In most cases, the approaches and techniques we used come from the fields of natural computation and computational intelligence, e.g., evolutionary algorithms, particle swarm optimisation, ant colony optimisation, differential evolution, neural networks, etc. All our projects involved both algorithm development, where independent critical thinking is essential, and software implementation, where programming and software development skills are critical. I am keen on projects that tackle real-world problems, or at least with a strong real-world application background, using natural computation and computational intelligence appraoches. In terms of specific topic, I am very happy to discuss with potential students and agree on one. Some illustrative examples are:

Specific Project Ideas

(1) Mining Data Streams Using Advanced Online Ensemble Learning

Online learning has been shown to be very useful for a growing number of applications in which training data are available continuously in time (streams of data) and/or there are time and space constraints. Examples of such applications are industrial process control, computer security, intelligent user interfaces, market-basket analysis, information filtering and prediction of conditional branch outcomes in microprocessors.

Ensembles of classifiers have been successfully used to improve the accuracy of single classifiers in online learning. However, online environments are often non-stationary and the variables to be predicted by the learning machine may change with time (concept drift). For example, in an information filtering system, the users may change their subjects of interest with time. So, learning machines used to model these environments should be able to adapt quickly and accurately to possible changes.

We consider that the term concept refers to the whole distribution of the problem in a certain point in time, being characterized by the joint distribution p(x,w), where x represents the input attributes and w represents the classes. So, a concept drift represents a change in the distribution of the problem.

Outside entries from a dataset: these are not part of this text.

lemma inner_attains_on_coord_greatsphere:
  fixes c :: "real^'n"
  assumes "CARD('n) \<ge> 2" "norm c = 1"
  obtains x where "x \<in> coord_greatsphere i" "x \<bullet> c = sqrt (1 - (c $ i)\<^sup>2)"
proof (cases "c - (c $ i) *\<^sub>R axis i 1 = 0")
  case True
  obtain j where "j \<noteq> i" using exists_other_index[OF assms(1)] .
  then have axis_i: "(axis j 1 :: real^'n) $ i = 0" by (simp add: axis_def)
  then have "axis j 1 \<in> coord_greatsphere i" by (simp add: coord_greatsphere_def)
  moreover have "axis j 1 \<bullet> c = sqrt (1 - (c $ i)\<^sup>2)"
    using True inner_drop_coord[OF axis_i, of c] norm_drop_coord[OF assms(2), of i] by simp
  ultimately show ?thesis using that by blast
next
  case False
  define c' where "c' = c - (c $ i) *\<^sub>R axis i 1"
  define x where "x = (1 / norm c') *\<^sub>R c'"
  have "x \<in> coord_greatsphere i"
    using False by (simp add: coord_greatsphere_def x_def c'_def)
  moreover have "x \<bullet> c = norm c'"
  proof -
    have "c' $ i = 0" by (simp add: c'_def)
    then have "c' \<bullet> c = (norm c')\<^sup>2"
      using inner_drop_coord[of c' i c] by (simp add: c'_def[symmetric] power2_norm_eq_inner)
    moreover have "c' \<noteq> 0" using False by (simp add: c'_def)
    ultimately show ?thesis by (simp add: x_def power2_eq_square)
  qed
  ultimately show ?thesis using that norm_drop_coord[OF assms(2)] c'_def by metis
qed

lemma dist_to_greatsphere_eq:
  fixes c :: "real^'n"
  assumes "CARD('n) \<ge> 2" "norm c = 1"
  shows "dist_to_greatsphere c i = arccos (sqrt (1 - (c $ i)\<^sup>2))"
  unfolding dist_to_greatsphere_def sph_dist_def
proof (rule cInf_eq_minimum)
  obtain x where "x \<in> coord_greatsphere i" "x \<bullet> c = sqrt (1 - (c $ i)\<^sup>2)"
    using inner_attains_on_coord_greatsphere[OF assms] .
  then show "arccos (sqrt (1 - (c $ i)\<^sup>2)) \<in> (\<lambda>x. arccos (x \<bullet> c)) ` coord_greatsphere i"
    by (metis image_eqI)
next
  fix y assume "y \<in> (\<lambda>x. arccos (x \<bullet> c)) ` coord_greatsphere i"
  then obtain x where x: "x \<in> coord_greatsphere i" "y = arccos (x \<bullet> c)" by blast
  have "\<bar>x \<bullet> c\<bar> \<le> 1"
    using x(1) assms(2) Cauchy_Schwarz_ineq2[of x c] by (simp add: coord_greatsphere_def)
  moreover have "\<bar>c $ i\<bar> \<le> 1" using component_le_norm_cart[of c i] assms(2) by simp
  ultimately show "arccos (sqrt (1 - (c $ i)\<^sup>2)) \<le> y"
    using x inner_le_on_coord_greatsphere[OF assms(2) x(1)]
    by (auto intro!: arccos_le_arccos simp: abs_square_le_1)
qed

lemma tangent_cap_to_iff:
  fixes c :: "real^'n"
  assumes "CARD('n) \<ge> 2" "norm c = 1" "0 < r" "r < pi / 2"
  shows "tangent_cap_to c r i \<longleftrightarrow> \<bar>c $ i\<bar> = sin r"
proof -
  have ci: "(c $ i)\<^sup>2 \<le> 1"
    using component_le_norm_cart[of c i] assms(2) by (simp add: abs_square_le_1)
  have sin_pos: "0 < sin r" and cos_pos: "0 < cos r"
    using assms(3,4) by (auto intro!: sin_gt_zero cos_gt_zero)
  have "0 \<le> r" "r \<le> pi" using assms(3,4) by auto
  moreover have "0 \<le> sqrt (1 - (c $ i)\<^sup>2)" "sqrt (1 - (c $ i)\<^sup>2) \<le> 1" using ci by auto
  ultimately have "r = arccos (sqrt (1 - (c $ i)\<^sup>2)) \<longleftrightarrow> cos r = sqrt (1 - (c $ i)\<^sup>2)"
    by (metis arccos_cos cos_arccos neg_le_0_iff_le zero_le_one order_trans)
  also have "\<dots> \<longleftrightarrow> (cos r)\<^sup>2 = 1 - (c $ i)\<^sup>2"
    using cos_pos ci by (auto simp: real_sqrt_unique)
  also have "\<dots> \<longleftrightarrow> (c $ i)\<^sup>2 = (sin r)\<^sup>2"
    using sin_cos_squared_add[of r] by linarith
  also have "\<dots> \<longleftrightarrow> \<bar>c $ i\<bar> = sin r"
    using sin_pos by (metis abs_of_pos power2_abs power2_eq_iff_nonneg abs_ge_zero less_imp_le)
  finally show ?thesis
    using assms(1,2) by (simp add: tangent_cap_to_def dist_to_greatsphere_eq)
qed

lemma card_support_mul_square_eq_1:
  fixes c :: "real^'n"
  assumes "norm c = 1" "\<And>i. \<bar>c $ i\<bar> = (if i \<in> A then s else 0)"
  shows "real (card A) * s\<^sup>2 = 1"
proof -
  have "1 = (\<Sum>i\<in>UNIV. \<bar>c $ i\<bar>\<^sup>2)"
    using assms(1) by (simp add: norm_eq_1 inner_vec_def power2_eq_square)
  also have "\<dots> = (\<Sum>i\<in>UNIV. if i \<in> A then s\<^sup>2 else 0)"
    by (intro sum.cong) (auto simp: assms(2))
  also have "\<dots> = real (card A) * s\<^sup>2" by (simp add: sum.If_cases)
  finally show ?thesis by simp
qed

lemma k_tangent_cap_centre:
  fixes C :: "(real^'n) set"
  assumes "k_tangent_cap k C" "CARD('n) \<ge> 2" "k \<le> CARD('n)"
  obtains c r A where "C = sph_cap c r" "norm c = 1" "0 < r" "r < pi / 2" "card A = k"
    "\<And>i. \<bar>c $ i\<bar> = (if i \<in> A then sin r else 0)" "real k * (sin r)\<^sup>2 = 1"
proof -
  obtain c r S where c: "c \<in> sphere 0 1" "0 < r" "r < pi / 2" "C = sph_cap c r"
    "card S = CARD('n) - k" "\<forall>i\<in>S. c $ i = 0" "\<forall>i. i \<notin> S \<longrightarrow> tangent_cap_to c r i"
    using assms(1) unfolding k_tangent_cap_def by blast
  have norm_c: "norm c = 1" using c(1) by simp
  have card_A: "card (- S) = k"
    using c(5) assms(3) by (simp add: Compl_eq_Diff_UNIV card_Diff_subset)
  have coords: "\<bar>c $ i\<bar> = (if i \<in> - S then sin r else 0)" for i
    using c(6,7) tangent_cap_to_iff[OF assms(2) norm_c c(2,3)] by auto
  show ?thesis
    using that[OF c(4) norm_c c(2,3) card_A coords]
      card_support_mul_square_eq_1[OF norm_c coords] card_A
    by simp
qed

lemma mem_sph_interior_sph_cap:
  fixes a x :: "real^'n"
  assumes "norm a = 1" "norm x = 1" "x \<bullet> a > cos r" "0 \<le> r" "r \<le> pi"
  shows "x \<in> sph_interior (sph_cap a r)"
proof -
  have mem: "y \<in> sph_cap a r" if "norm y = 1" "y \<bullet> a > cos r" for y :: "real^'n"
  proof -
    have "y \<bullet> a \<le> 1" using norm_cauchy_schwarz[of y a] that assms(1) by simp
    then have "arccos (y \<bullet> a) \<le> arccos (cos r)"
      using that(2) by (intro arccos_le_arccos) auto
    then show ?thesis using that assms(4,5) by (simp add: sph_cap_def sph_dist_def arccos_cos)
  qed
  define e where "e = x \<bullet> a - cos r"
  have "ball x e \<inter> sphere 0 1 \<subseteq> sph_cap a r"
  proof
    fix y assume y: "y \<in> ball x e \<inter> sphere 0 1"
    have "\<bar>(x - y) \<bullet> a\<bar> \<le> norm (x - y)"
      using Cauchy_Schwarz_ineq2[of "x - y" a] assms(1) by simp
    moreover have "norm (x - y) < e" using y by (simp add: dist_norm)
    ultimately have "y \<bullet> a > cos r" by (simp add: e_def inner_diff_left)
    then show "y \<in> sph_cap a r" using mem y by simp
  qed
  moreover have "e > 0" using assms(3) by (simp add: e_def)
  ultimately show ?thesis using mem[OF assms(2,3)] unfolding sph_interior_def by blast
qed

lemma great_circle_point:
  fixes a b :: "'a::real_inner"
  assumes "norm a = 1" "norm b = 1" "a \<bullet> b = cos \<theta>" "0 \<le> \<phi>" "\<phi> \<le> \<theta>" "\<theta> < pi"
  obtains x where "norm x = 1" "x \<bullet> a = cos \<phi>" "x \<bullet> b = cos (\<theta> - \<phi>)"
proof (cases "\<theta> = 0")
  case True
  then show ?thesis
    using that[of a] assms by (simp add: inner_commute norm_eq_1)
next
  case False
  have aa: "a \<bullet> a = 1" and bb: "b \<bullet> b = 1" using assms(1,2) by (simp_all add: norm_eq_1)
  have ba: "b \<bullet> a = cos \<theta>" using assms(3) by (simp add: inner_commute)
  define s where "s = sin \<theta>"
  have "s > 0" using False assms(4-6) by (simp add: s_def sin_gt_zero)
  have s_sq: "1 - cos \<theta> * cos \<theta> = s * s"
    using sin_cos_squared_add[of \<theta>] by (simp add: s_def power2_eq_square)
  define x where "x = cos \<phi> *\<^sub>R a + (sin \<phi> / s) *\<^sub>R (b - cos \<theta> *\<^sub>R a)"
  have "x \<bullet> a = cos \<phi>"
    by (simp add: x_def inner_add_left inner_diff_left aa ba)
  moreover have "x \<bullet> b = cos (\<theta> - \<phi>)"
  proof -
    have "x \<bullet> b = cos \<phi> * cos \<theta> + (sin \<phi> / s) * (1 - cos \<theta> * cos \<theta>)"
      by (simp add: x_def inner_add_left inner_diff_left bb assms(3))
    also have "\<dots> = cos \<phi> * cos \<theta> + sin \<phi> * sin \<theta>"
      using \<open>s > 0\<close> by (simp add: s_sq s_def)
    finally show ?thesis by (simp add: cos_diff mult.commute)
  qed
  moreover have "norm x = 1"
  proof -
    have "x \<bullet> x = (cos \<phi>)\<^sup>2 + (sin \<phi> / s)\<^sup>2 * (1 - cos \<theta> * cos \<theta>)"
      by (simp add: x_def inner_add_left inner_add_right inner_diff_left inner_diff_right
          aa bb ba assms(3) algebra_simps power2_eq_square)
         (simp add: add_divide_distrib[symmetric])
    also have "\<dots> = (cos \<phi>)\<^sup>2 + (sin \<phi>)\<^sup>2"
      using \<open>s > 0\<close> by (simp only: s_sq) (simp add: power_divide power2_eq_square)
    finally show ?thesis by (simp add: norm_eq_1)
  qed
  ultimately show ?thesis using that by blast
qed

lemma inner_le_cos_add_if_sph_interiors_disjoint:
  fixes a b :: "real^'n"
  assumes "norm a = 1" "norm b = 1" "0 < r1" "0 < r2" "r1 + r2 \<le> pi"
    and "sph_interior (sph_cap a r1) \<inter> sph_interior (sph_cap b r2) = {}"
  shows "a \<bullet> b \<le> cos (r1 + r2)"
proof (rule ccontr)
  assume overlap: "\<not> ?thesis"
  define \<theta> where "\<theta> = arccos (a \<bullet> b)"
  have ab: "\<bar>a \<bullet> b\<bar> \<le> 1" using Cauchy_Schwarz_ineq2[of a b] assms(1,2) by simp
  then have "0 \<le> \<theta>" "cos \<theta> = a \<bullet> b" by (auto simp: \<theta>_def arccos_lbound)
  have "\<theta> < arccos (cos (r1 + r2))"
    using overlap ab unfolding \<theta>_def by (intro arccos_less_arccos) auto
  then have "\<theta> < r1 + r2" using assms(3-5) by (simp add: arccos_cos)
  \<comment> \<open>a point splitting the arc in the ratio \<open>r1 : r2\<close> lies strictly inside both caps\<close>
  define \<phi> where "\<phi> = \<theta> * r1 / (r1 + r2)"
  have "\<theta> - \<phi> = \<theta> * r2 / (r1 + r2)" using assms(3,4) by (simp add: \<phi>_def field_simps)
  moreover have "\<theta> * r1 < (r1 + r2) * r1" "\<theta> * r2 < (r1 + r2) * r2"
    using \<open>\<theta> < r1 + r2\<close> assms(3,4) by simp_all
  ultimately have \<phi>: "0 \<le> \<phi>" "\<phi> < r1" "0 \<le> \<theta> - \<phi>" "\<theta> - \<phi> < r2"
    using \<open>0 \<le> \<theta>\<close> assms(3,4) by (auto simp: \<phi>_def field_simps)
  obtain x where x: "norm x = 1" "x \<bullet> a = cos \<phi>" "x \<bullet> b = cos (\<theta> - \<phi>)"
    using great_circle_point[OF assms(1,2) \<open>cos \<theta> = a \<bullet> b\<close>[symmetric] \<phi>(1)] \<phi>(3)
      \<open>\<theta> < r1 + r2\<close> assms(5) by force
  have "x \<in> sph_interior (sph_cap a r1)"
    using x \<phi> assms by (intro mem_sph_interior_sph_cap) (auto intro!: cos_monotone_0_pi)
  moreover have "x \<in> sph_interior (sph_cap b r2)"
    using x \<phi> assms by (intro mem_sph_interior_sph_cap) (auto intro!: cos_monotone_0_pi)
  ultimately show False using assms(6) by blast
qed

lemma inner_coord_flip_aligned_centres:
  fixes c1 c2 :: "real^'n"
  assumes "\<And>i. \<bar>c1 $ i\<bar> = (if i \<in> A1 then s1 else 0)"
    and "\<And>i. \<bar>c2 $ i\<bar> = (if i \<in> A2 then s2 else 0)"
  shows "coord_flip {i. c1 $ i * c2 $ i < 0} c1 \<bullet> c2 = real (card (A1 \<inter> A2)) * (s1 * s2)"
proof -
  have "(\<Sum>i\<in>UNIV. \<bar>c1 $ i\<bar> * \<bar>c2 $ i\<bar>) = (\<Sum>i\<in>UNIV. if i \<in> A1 \<inter> A2 then s1 * s2 else 0)"
    by (intro sum.cong) (auto simp: assms)
  then show ?thesis by (simp add: inner_coord_flip_sign_mismatch sum.If_cases Int_def)
qed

Recently, a new online ensemble learning algorithm, called DDD, has been developed [1]. It has been shown to perform very well on a variety of different data streams. However, there are improvements that can be made to enhance the algorithm. This project investigates one such potential improvement during the training of individual base learners using bagging, and develops an easy-to-use tool fo it. The project includes both creative thinking in terms of ideas, as well as software engineering of a tool. The potential improvements will be provided to the project student.

Reference:

[1] L. L. Minku and X. Yao, "DDD: A New Ensemble Approach For Dealing With Concept Drift," IEEE Transactions on Knowledge and Data Engineering, 24(4):619-633, April 2012.

Notes:

(i) This project is suitable for students who have taken at least one of the following modules: Machine learning, Intelligent Data Analysis, and Neural Computation.

(ii) Programming skills are essential, although the current implementation of the algorithm is available. The student needs to understand the algorithm and the code so that his/her own modifications can be made.

(2) Small data challenge --- how to use other people's data when you don't have your own --- a case study in software effort estimation

There has been a long debate in the software engineering literature concerning how useful cross-company (CC) data are for software effort estimation (SEE) in comparison to within-company (WC) data. Studies indicate that models trained on CC data obtain either similar or worse performance than models trained solely on WC data. We aim at investigating if CC data could help to increase performance and under what conditions.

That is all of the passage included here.